[[ GIVEN RECORDS open ]]

(* Let $n,m_A,m_B>0$ be integers, $A,B$ quantum systems of dimensions $m_A,m_B$, and $\psi_{AB}$ a bipartite state with $\psi_A=\mathrm{id}_{m_A}/m_A$ and $\psi_B=\mathrm{id}_{m_B}/m_B$. Let $\mathcal{T}:\mathcal{M}(B^n)\to\mathcal{M}(A^n)$ be the Markov super-operator with respect to $\psi_{AB}^{\otimes n}$. Then for every $Q\in\mathcal{M}(B^n)$ and every $S\subseteq[n]$, $\mathcal{T}(Q[S])=\mathcal{T}(Q)[S]$.
   Context: A standard orthonormal basis of $\mathcal{M}_k$ (complex $k\times k$ matrices with inner product $\langle X,Y\rangle=\frac1k\mathrm{Tr}X^\dagger Y$) is an orthonormal basis $\{\mathcal{B}_0,\ldots,\mathcal{B}_{k^2-1}\}$ of Hermitian matrices with $\mathcal{B}_0=\mathrm{id}_k$. For $\sigma\in\{0,\ldots,k^2-1\}^n$ put $\mathcal{B}_\sigma=\mathcal{B}_{\sigma_1}\otimes\cdots\otimes\mathcal{B}_{\sigma_n}$; every $X\in\mathcal{M}_k^{\otimes n}$ has a unique expansion $X=\sum_\sigma\widehat X(\sigma)\mathcal{B}_\sigma$. The Efron–Stein component is $X[S]=\sum_{\sigma:\{i:\sigma_i\neq0\}=S}\widehat X(\sigma)\mathcal{B}_\sigma$; it does not depend on the choice of standard orthonormal basis. On $A^n$ and $B^n$ the inner products are $\langle X,Y\rangle=\frac1{m_A^n}\mathrm{Tr}X^\dagger Y$ and $\frac1{m_B^n}\mathrm{Tr}X^\dagger Y$ respectively. The Markov super-operator with respect to $\psi_{AB}^{\otimes n}$ is the map $\mathcal{T}:\mathcal{M}(B^n)\to\mathcal{M}(A^n)$ with $\mathrm{Tr}((M^\dagger\otimes Q)\psi_{AB}^{\otimes n})=\langle M,\mathcal{T}(Q)\rangle$ for all $M\in\mathcal{M}(A^n)$, $Q\in\mathcal{M}(B^n)$. *)

theory Defs
  imports "HOL-Analysis.Analysis" "HOL-Library.Complex_Order" "HOL-Library.FuncSet"
begin

type_synonym cmat1 = "nat \<Rightarrow> nat \<Rightarrow> complex"
  (* single-site k x k matrix; only entries with indices < k are meaningful *)
type_synonym cmatn = "(nat \<Rightarrow> nat) \<Rightarrow> (nat \<Rightarrow> nat) \<Rightarrow> complex"
  (* matrix on (C^k)^{\<otimes> n}, rows/columns indexed by tuples x : {0..<n} \<rightarrow> {0..<k} *)

definition idx :: "nat \<Rightarrow> nat \<Rightarrow> (nat \<Rightarrow> nat) set" where
  "idx n k = ({0..<n} \<rightarrow>\<^sub>E {0..<k})"

definition matspace :: "nat \<Rightarrow> nat \<Rightarrow> cmatn set" where
  "matspace n k = {X. \<forall>x y. (x \<notin> idx n k \<or> y \<notin> idx n k) \<longrightarrow> X x y = 0}"

definition ipn :: "nat \<Rightarrow> nat \<Rightarrow> cmatn \<Rightarrow> cmatn \<Rightarrow> complex" where
  "ipn n k X Y = (1 / of_nat (k ^ n)) *
     (\<Sum>x\<in>idx n k. \<Sum>y\<in>idx n k. cnj (X y x) * Y y x)"

text \<open>Standard orthonormal basis {B_0,...,B_{k^2-1}} of M_k: Hermitian,
  orthonormal w.r.t. (1/k) Tr(X^dagger Y), and B_0 = id_k.
  (k^2 orthonormal elements of the k^2-dimensional space M_k form a basis.)\<close>
definition std_onb :: "nat \<Rightarrow> (nat \<Rightarrow> cmat1) \<Rightarrow> bool" where
  "std_onb k Bs \<longleftrightarrow>
     (\<forall>j<k^2. \<forall>x<k. \<forall>y<k. Bs j x y = cnj (Bs j y x)) \<and>
     (\<forall>j<k^2. \<forall>l<k^2. (1 / of_nat k) * (\<Sum>x<k. \<Sum>y<k. cnj (Bs j y x) * Bs l y x)
                         = (if j = l then 1 else 0)) \<and>
     (\<forall>x<k. \<forall>y<k. Bs 0 x y = (if x = y then 1 else 0))"

definition tensor_basis :: "nat \<Rightarrow> nat \<Rightarrow> (nat \<Rightarrow> cmat1) \<Rightarrow> (nat \<Rightarrow> nat) \<Rightarrow> cmatn" where
  "tensor_basis n k Bs \<sigma> = (\<lambda>x y. if x \<in> idx n k \<and> y \<in> idx n k
       then (\<Prod>i<n. Bs (\<sigma> i) (x i) (y i)) else 0)"

definition coeffs :: "nat \<Rightarrow> nat \<Rightarrow> (nat \<Rightarrow> cmat1) \<Rightarrow> cmatn \<Rightarrow> (nat \<Rightarrow> nat) \<Rightarrow> complex" where
  "coeffs n k Bs X = (THE c. (\<forall>\<sigma>. \<sigma> \<notin> idx n (k^2) \<longrightarrow> c \<sigma> = 0) \<and>
      (\<forall>x\<in>idx n k. \<forall>y\<in>idx n k.
          X x y = (\<Sum>\<sigma>\<in>idx n (k^2). c \<sigma> * tensor_basis n k Bs \<sigma> x y)))"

[[ GIVEN RECORDS closed ]]

> TASK DESCRIPTION: From the line containing "(k^2 orthonormal elements" through the last line of the entries above, print each line exactly as it stands.

> RESULT OF THIS EXERCISE:
  (k^2 orthonormal elements of the k^2-dimensional space M_k form a basis.)\<close>
definition std_onb :: "nat \<Rightarrow> (nat \<Rightarrow> cmat1) \<Rightarrow> bool" where
  "std_onb k Bs \<longleftrightarrow>
     (\<forall>j<k^2. \<forall>x<k. \<forall>y<k. Bs j x y = cnj (Bs j y x)) \<and>
     (\<forall>j<k^2. \<forall>l<k^2. (1 / of_nat k) * (\<Sum>x<k. \<Sum>y<k. cnj (Bs j y x) * Bs l y x)
                         = (if j = l then 1 else 0)) \<and>
     (\<forall>x<k. \<forall>y<k. Bs 0 x y = (if x = y then 1 else 0))"

definition tensor_basis :: "nat \<Rightarrow> nat \<Rightarrow> (nat \<Rightarrow> cmat1) \<Rightarrow> (nat \<Rightarrow> nat) \<Rightarrow> cmatn" where
  "tensor_basis n k Bs \<sigma> = (\<lambda>x y. if x \<in> idx n k \<and> y \<in> idx n k
       then (\<Prod>i<n. Bs (\<sigma> i) (x i) (y i)) else 0)"

definition coeffs :: "nat \<Rightarrow> nat \<Rightarrow> (nat \<Rightarrow> cmat1) \<Rightarrow> cmatn \<Rightarrow> (nat \<Rightarrow> nat) \<Rightarrow> complex" where
  "coeffs n k Bs X = (THE c. (\<forall>\<sigma>. \<sigma> \<notin> idx n (k^2) \<longrightarrow> c \<sigma> = 0) \<and>
      (\<forall>x\<in>idx n k. \<forall>y\<in>idx n k.
          X x y = (\<Sum>\<sigma>\<in>idx n (k^2). c \<sigma> * tensor_basis n k Bs \<sigma> x y)))"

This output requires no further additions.